-- Work instruction --
Once the line holding "(if covered s" is found in the listing below, write it out and each later line exactly, up to and including the one holding "x y \<longleftrightarrow>".

--------------------------------

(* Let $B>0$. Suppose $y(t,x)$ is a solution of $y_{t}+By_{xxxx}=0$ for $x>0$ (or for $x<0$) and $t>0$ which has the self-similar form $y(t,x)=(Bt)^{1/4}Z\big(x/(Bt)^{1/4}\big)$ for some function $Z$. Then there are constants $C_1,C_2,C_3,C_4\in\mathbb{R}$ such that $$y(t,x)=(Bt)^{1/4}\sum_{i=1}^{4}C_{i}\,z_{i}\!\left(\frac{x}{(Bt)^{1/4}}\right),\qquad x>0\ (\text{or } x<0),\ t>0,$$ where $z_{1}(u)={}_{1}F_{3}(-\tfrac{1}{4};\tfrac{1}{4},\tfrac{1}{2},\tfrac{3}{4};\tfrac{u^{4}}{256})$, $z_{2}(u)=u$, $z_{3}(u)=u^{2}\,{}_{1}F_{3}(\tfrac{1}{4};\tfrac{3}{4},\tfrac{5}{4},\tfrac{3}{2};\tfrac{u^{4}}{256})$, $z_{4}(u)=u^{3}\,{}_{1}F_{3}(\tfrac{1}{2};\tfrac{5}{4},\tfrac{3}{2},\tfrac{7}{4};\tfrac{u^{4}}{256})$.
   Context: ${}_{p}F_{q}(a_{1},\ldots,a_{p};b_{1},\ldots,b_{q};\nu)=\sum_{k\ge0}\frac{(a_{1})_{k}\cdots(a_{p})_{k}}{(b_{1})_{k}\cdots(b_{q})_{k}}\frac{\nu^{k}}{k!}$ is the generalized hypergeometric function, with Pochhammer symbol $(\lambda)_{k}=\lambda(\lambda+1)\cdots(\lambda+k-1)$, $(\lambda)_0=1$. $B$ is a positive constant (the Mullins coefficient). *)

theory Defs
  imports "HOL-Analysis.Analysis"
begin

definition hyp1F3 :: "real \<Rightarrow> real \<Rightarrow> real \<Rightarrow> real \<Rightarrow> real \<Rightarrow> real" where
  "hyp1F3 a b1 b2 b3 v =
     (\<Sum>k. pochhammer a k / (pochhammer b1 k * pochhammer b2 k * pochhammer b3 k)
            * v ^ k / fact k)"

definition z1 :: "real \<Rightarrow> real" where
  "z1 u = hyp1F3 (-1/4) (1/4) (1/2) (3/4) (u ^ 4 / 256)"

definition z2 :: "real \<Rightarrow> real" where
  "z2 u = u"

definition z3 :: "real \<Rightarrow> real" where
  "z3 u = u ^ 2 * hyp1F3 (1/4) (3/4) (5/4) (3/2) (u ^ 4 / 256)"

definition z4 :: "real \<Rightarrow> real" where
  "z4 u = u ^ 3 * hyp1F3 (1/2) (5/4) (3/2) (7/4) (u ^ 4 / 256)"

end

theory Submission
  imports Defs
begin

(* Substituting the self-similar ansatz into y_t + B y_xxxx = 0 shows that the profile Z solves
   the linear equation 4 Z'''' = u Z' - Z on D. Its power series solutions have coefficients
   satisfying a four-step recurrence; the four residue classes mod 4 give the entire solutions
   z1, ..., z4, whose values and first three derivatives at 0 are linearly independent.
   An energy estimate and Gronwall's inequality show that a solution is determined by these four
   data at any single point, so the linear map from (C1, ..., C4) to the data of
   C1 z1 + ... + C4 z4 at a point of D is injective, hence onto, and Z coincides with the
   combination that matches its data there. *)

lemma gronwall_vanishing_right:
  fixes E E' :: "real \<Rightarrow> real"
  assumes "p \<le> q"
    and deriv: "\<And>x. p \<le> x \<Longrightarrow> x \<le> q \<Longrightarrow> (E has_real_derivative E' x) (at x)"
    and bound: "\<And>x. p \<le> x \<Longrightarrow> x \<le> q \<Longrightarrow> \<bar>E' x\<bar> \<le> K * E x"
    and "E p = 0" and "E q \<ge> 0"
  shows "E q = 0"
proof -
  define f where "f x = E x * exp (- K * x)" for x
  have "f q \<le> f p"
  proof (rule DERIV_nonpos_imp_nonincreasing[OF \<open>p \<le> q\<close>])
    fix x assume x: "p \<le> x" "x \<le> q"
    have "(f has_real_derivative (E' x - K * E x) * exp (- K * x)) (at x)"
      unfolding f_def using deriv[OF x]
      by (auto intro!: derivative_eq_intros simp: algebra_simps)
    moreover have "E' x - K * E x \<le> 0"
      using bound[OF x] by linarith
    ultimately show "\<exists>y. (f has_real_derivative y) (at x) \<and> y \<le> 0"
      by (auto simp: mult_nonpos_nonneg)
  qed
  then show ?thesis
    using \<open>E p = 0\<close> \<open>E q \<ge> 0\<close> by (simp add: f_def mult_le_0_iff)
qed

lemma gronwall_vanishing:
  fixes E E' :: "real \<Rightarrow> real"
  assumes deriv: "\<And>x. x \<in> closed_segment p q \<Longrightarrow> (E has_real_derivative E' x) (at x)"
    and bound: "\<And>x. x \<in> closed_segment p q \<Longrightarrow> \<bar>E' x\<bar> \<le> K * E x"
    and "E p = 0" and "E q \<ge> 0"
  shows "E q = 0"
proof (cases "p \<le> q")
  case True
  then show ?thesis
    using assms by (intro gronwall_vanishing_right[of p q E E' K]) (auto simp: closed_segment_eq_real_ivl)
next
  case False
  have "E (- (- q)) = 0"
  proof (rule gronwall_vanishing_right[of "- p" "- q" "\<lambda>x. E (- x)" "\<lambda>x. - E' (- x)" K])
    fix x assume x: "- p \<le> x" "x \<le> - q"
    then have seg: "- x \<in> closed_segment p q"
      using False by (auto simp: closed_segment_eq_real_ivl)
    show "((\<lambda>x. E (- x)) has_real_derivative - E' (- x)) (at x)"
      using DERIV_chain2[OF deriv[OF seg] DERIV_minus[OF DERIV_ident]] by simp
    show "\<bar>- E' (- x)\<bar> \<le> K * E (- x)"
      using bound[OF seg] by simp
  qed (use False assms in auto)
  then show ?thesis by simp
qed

--------------------------------

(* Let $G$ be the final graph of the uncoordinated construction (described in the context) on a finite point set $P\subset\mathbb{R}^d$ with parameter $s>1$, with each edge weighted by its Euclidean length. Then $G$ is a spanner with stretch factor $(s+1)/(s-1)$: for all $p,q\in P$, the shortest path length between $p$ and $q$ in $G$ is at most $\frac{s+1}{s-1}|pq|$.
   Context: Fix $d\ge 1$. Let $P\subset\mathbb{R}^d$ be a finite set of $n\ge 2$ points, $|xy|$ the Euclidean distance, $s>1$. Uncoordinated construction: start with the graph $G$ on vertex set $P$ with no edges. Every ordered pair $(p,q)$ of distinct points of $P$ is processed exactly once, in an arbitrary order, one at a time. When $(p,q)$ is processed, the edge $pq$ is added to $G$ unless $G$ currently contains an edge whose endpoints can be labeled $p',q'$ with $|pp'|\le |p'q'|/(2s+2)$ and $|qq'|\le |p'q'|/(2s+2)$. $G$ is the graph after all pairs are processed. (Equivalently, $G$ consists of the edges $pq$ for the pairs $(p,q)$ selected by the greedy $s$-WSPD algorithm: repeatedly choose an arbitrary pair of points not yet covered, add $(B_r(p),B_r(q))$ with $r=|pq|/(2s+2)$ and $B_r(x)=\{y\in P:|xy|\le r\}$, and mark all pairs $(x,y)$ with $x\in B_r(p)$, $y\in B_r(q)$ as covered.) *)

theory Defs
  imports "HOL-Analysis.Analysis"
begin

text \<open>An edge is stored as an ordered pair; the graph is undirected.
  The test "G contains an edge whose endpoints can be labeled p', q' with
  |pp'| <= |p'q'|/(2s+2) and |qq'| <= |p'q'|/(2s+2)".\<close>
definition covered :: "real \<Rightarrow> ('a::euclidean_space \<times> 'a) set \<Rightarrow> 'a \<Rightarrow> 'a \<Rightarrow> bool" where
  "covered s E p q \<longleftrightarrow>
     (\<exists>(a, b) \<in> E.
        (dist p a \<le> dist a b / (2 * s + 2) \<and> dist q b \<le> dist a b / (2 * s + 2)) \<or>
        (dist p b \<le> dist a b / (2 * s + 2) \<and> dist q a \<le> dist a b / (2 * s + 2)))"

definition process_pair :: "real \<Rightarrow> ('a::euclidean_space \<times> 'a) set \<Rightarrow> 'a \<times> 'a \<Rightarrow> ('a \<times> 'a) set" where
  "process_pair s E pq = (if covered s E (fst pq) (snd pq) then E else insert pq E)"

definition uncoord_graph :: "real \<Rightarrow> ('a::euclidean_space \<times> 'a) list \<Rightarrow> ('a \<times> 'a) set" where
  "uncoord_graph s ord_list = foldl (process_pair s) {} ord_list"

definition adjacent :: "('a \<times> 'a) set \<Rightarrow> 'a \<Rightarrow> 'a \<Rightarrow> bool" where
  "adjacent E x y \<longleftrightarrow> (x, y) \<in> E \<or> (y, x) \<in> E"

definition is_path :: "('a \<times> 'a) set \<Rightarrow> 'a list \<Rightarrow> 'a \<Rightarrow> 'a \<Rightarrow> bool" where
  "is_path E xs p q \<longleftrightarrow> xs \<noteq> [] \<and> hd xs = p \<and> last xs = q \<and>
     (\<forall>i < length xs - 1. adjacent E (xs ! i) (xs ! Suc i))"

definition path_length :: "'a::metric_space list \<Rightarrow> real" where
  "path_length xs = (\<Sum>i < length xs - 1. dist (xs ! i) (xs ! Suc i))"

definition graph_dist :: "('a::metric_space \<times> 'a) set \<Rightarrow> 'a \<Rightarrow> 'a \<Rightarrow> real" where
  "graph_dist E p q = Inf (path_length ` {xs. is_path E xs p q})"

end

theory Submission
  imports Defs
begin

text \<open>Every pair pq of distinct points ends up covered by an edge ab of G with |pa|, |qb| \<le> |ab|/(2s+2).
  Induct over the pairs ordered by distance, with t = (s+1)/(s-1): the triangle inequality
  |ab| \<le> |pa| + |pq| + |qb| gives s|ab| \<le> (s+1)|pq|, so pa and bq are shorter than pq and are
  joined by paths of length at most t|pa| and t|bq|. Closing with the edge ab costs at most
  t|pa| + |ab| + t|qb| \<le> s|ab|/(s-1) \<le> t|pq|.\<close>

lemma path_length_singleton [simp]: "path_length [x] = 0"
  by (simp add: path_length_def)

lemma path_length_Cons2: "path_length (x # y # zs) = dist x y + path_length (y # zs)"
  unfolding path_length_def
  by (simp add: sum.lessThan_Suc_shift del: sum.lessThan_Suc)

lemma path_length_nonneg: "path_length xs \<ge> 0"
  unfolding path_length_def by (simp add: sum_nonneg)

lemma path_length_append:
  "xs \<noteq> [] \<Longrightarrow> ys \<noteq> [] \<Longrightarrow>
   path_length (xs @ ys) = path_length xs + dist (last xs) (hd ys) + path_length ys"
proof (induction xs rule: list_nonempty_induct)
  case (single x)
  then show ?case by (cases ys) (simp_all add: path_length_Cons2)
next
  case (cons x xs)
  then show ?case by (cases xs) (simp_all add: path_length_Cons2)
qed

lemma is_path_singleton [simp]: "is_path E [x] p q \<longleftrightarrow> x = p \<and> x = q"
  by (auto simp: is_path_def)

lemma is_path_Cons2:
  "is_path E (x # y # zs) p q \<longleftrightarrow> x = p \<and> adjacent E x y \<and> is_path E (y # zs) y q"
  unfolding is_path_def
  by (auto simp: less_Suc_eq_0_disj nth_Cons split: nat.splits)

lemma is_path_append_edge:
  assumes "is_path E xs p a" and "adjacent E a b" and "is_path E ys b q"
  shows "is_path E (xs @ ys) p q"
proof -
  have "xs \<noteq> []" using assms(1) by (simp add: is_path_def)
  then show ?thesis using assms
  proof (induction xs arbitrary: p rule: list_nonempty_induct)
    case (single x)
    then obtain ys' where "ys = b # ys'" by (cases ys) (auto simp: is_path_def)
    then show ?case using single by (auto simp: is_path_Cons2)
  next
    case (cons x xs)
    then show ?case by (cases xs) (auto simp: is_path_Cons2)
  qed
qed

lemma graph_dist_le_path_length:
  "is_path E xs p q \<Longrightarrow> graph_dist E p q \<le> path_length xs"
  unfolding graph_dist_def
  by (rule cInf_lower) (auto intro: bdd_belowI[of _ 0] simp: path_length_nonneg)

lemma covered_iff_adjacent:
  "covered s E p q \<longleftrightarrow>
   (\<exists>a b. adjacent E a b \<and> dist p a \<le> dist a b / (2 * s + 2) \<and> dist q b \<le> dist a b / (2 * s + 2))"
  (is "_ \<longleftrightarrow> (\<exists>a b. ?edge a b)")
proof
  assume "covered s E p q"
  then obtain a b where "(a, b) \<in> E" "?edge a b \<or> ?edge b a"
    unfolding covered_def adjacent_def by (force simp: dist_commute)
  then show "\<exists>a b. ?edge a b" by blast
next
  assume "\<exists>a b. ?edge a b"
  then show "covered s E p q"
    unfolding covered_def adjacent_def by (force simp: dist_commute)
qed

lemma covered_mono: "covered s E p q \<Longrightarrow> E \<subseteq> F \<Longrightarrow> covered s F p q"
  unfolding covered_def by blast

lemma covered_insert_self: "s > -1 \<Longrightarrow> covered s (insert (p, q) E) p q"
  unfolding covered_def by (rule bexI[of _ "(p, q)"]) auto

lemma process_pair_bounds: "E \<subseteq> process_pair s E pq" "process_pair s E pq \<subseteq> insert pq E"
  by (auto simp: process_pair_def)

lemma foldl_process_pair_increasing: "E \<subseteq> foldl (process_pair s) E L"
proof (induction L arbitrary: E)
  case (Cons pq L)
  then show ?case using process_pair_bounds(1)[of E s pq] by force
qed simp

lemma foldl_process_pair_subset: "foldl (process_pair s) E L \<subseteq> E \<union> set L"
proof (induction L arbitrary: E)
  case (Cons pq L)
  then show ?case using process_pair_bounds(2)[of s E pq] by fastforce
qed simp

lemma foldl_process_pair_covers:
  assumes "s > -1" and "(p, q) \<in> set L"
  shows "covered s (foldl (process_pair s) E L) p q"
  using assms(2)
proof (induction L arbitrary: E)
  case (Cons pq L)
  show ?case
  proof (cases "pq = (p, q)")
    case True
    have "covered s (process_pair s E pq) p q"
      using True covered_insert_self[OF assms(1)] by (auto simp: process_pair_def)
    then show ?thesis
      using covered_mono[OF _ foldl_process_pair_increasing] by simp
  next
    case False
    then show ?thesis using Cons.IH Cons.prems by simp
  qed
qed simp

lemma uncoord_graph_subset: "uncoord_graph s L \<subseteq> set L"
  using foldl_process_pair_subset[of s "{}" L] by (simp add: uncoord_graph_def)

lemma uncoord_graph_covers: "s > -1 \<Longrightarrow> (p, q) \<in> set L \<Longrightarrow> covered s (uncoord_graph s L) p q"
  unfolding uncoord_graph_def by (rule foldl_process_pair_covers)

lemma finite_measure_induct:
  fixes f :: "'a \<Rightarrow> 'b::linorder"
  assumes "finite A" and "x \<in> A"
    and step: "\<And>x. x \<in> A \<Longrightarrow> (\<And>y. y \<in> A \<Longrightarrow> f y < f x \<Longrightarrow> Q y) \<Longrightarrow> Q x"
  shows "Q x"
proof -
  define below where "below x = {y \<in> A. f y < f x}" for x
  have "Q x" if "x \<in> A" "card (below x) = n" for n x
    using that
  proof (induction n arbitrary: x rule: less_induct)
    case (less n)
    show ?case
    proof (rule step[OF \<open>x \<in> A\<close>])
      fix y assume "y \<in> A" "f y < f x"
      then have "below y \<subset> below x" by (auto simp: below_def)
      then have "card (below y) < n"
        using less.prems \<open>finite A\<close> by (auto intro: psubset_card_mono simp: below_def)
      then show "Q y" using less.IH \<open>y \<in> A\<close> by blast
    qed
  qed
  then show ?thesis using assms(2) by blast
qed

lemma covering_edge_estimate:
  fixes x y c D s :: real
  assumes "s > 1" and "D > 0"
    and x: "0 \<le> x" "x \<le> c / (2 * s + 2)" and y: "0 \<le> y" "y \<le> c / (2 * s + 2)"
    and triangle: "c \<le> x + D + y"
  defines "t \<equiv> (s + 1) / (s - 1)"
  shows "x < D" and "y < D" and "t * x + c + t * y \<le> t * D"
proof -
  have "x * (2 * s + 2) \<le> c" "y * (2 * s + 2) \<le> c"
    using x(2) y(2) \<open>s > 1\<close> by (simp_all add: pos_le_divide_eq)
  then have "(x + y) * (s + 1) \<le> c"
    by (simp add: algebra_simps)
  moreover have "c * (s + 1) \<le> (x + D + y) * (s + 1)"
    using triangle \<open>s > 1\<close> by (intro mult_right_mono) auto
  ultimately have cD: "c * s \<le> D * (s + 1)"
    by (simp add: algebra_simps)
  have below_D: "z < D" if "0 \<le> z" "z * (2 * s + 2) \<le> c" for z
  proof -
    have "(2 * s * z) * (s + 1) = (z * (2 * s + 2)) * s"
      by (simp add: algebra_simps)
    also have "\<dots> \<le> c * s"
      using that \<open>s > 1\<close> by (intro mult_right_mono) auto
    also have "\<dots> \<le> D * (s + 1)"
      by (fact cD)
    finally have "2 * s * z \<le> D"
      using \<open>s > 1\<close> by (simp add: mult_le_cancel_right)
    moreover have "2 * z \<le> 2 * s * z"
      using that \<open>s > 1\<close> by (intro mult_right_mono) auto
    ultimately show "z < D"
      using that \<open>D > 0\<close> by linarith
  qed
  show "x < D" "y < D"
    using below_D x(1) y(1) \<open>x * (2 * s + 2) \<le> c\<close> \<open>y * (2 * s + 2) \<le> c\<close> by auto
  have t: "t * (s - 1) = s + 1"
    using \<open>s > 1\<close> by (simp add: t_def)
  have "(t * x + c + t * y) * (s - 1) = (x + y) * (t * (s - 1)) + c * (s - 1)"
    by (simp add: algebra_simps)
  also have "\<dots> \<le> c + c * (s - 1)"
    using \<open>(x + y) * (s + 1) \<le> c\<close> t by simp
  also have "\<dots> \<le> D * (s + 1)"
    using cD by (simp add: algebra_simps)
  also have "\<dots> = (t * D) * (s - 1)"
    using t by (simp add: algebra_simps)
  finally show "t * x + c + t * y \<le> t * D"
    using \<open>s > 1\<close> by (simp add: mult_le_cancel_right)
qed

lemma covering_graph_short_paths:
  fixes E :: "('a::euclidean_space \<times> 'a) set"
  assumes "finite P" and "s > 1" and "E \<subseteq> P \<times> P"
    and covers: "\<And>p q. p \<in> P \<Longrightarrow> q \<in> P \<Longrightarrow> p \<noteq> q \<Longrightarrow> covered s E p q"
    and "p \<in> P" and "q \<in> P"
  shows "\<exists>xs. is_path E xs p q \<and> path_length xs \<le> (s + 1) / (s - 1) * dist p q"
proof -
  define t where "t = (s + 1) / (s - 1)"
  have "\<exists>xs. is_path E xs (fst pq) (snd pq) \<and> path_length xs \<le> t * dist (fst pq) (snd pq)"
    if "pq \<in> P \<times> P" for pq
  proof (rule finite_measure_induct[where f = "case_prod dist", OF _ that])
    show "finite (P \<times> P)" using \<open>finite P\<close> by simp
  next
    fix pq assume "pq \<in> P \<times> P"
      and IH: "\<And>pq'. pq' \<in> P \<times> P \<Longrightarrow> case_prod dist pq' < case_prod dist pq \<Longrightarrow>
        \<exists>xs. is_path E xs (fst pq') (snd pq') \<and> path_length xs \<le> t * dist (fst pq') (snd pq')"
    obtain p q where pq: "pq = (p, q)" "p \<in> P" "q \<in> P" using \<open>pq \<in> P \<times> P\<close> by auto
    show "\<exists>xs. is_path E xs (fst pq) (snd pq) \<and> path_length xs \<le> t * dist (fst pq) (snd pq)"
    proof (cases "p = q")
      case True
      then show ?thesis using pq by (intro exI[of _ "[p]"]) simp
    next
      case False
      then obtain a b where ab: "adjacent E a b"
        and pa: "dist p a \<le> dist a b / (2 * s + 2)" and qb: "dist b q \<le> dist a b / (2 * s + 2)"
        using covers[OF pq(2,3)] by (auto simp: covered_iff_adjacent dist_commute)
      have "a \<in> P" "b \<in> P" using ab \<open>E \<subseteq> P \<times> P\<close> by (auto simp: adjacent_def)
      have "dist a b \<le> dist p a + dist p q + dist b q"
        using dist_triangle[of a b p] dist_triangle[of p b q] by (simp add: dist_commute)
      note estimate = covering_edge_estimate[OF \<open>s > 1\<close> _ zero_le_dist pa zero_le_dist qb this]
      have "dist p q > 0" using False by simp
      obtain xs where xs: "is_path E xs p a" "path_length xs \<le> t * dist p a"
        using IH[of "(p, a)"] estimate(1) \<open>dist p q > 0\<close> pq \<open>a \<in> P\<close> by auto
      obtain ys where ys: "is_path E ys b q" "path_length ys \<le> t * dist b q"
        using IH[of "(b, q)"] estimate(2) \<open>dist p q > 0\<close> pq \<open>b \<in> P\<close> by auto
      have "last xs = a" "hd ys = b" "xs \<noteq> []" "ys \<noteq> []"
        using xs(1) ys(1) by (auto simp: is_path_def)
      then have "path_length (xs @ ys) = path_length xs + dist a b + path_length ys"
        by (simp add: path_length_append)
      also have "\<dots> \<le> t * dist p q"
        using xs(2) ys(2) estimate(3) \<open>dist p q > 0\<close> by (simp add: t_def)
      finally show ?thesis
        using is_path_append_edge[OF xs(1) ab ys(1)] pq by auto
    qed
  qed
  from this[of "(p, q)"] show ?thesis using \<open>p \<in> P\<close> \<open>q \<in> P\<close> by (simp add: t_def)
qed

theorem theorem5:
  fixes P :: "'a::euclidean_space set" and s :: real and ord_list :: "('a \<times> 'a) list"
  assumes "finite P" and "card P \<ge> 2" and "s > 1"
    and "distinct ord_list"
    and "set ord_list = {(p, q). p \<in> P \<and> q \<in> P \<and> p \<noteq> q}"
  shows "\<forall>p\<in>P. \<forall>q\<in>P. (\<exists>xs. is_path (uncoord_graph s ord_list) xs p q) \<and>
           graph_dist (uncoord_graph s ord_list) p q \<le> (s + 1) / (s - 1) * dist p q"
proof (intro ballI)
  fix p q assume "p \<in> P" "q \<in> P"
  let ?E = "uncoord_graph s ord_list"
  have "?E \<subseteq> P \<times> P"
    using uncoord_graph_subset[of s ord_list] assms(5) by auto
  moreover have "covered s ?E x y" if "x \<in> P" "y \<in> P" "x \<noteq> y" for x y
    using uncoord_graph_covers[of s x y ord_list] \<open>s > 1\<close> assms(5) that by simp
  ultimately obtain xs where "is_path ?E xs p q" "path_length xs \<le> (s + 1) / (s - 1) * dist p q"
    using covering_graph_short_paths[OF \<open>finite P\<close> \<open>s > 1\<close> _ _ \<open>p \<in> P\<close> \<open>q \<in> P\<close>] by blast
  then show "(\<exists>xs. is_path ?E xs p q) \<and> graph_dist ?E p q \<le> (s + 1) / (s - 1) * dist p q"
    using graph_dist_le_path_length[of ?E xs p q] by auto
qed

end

--------------------------------

-- Solution to this exercise --
  "process_pair s E pq = (if covered s E (fst pq) (snd pq) then E else insert pq E)"

definition uncoord_graph :: "real \<Rightarrow> ('a::euclidean_space \<times> 'a) list \<Rightarrow> ('a \<times> 'a) set" where
  "uncoord_graph s ord_list = foldl (process_pair s) {} ord_list"

definition adjacent :: "('a \<times> 'a) set \<Rightarrow> 'a \<Rightarrow> 'a \<Rightarrow> bool" where
  "adjacent E x y \<longleftrightarrow> (x, y) \<in> E \<or> (y, x) \<in> E"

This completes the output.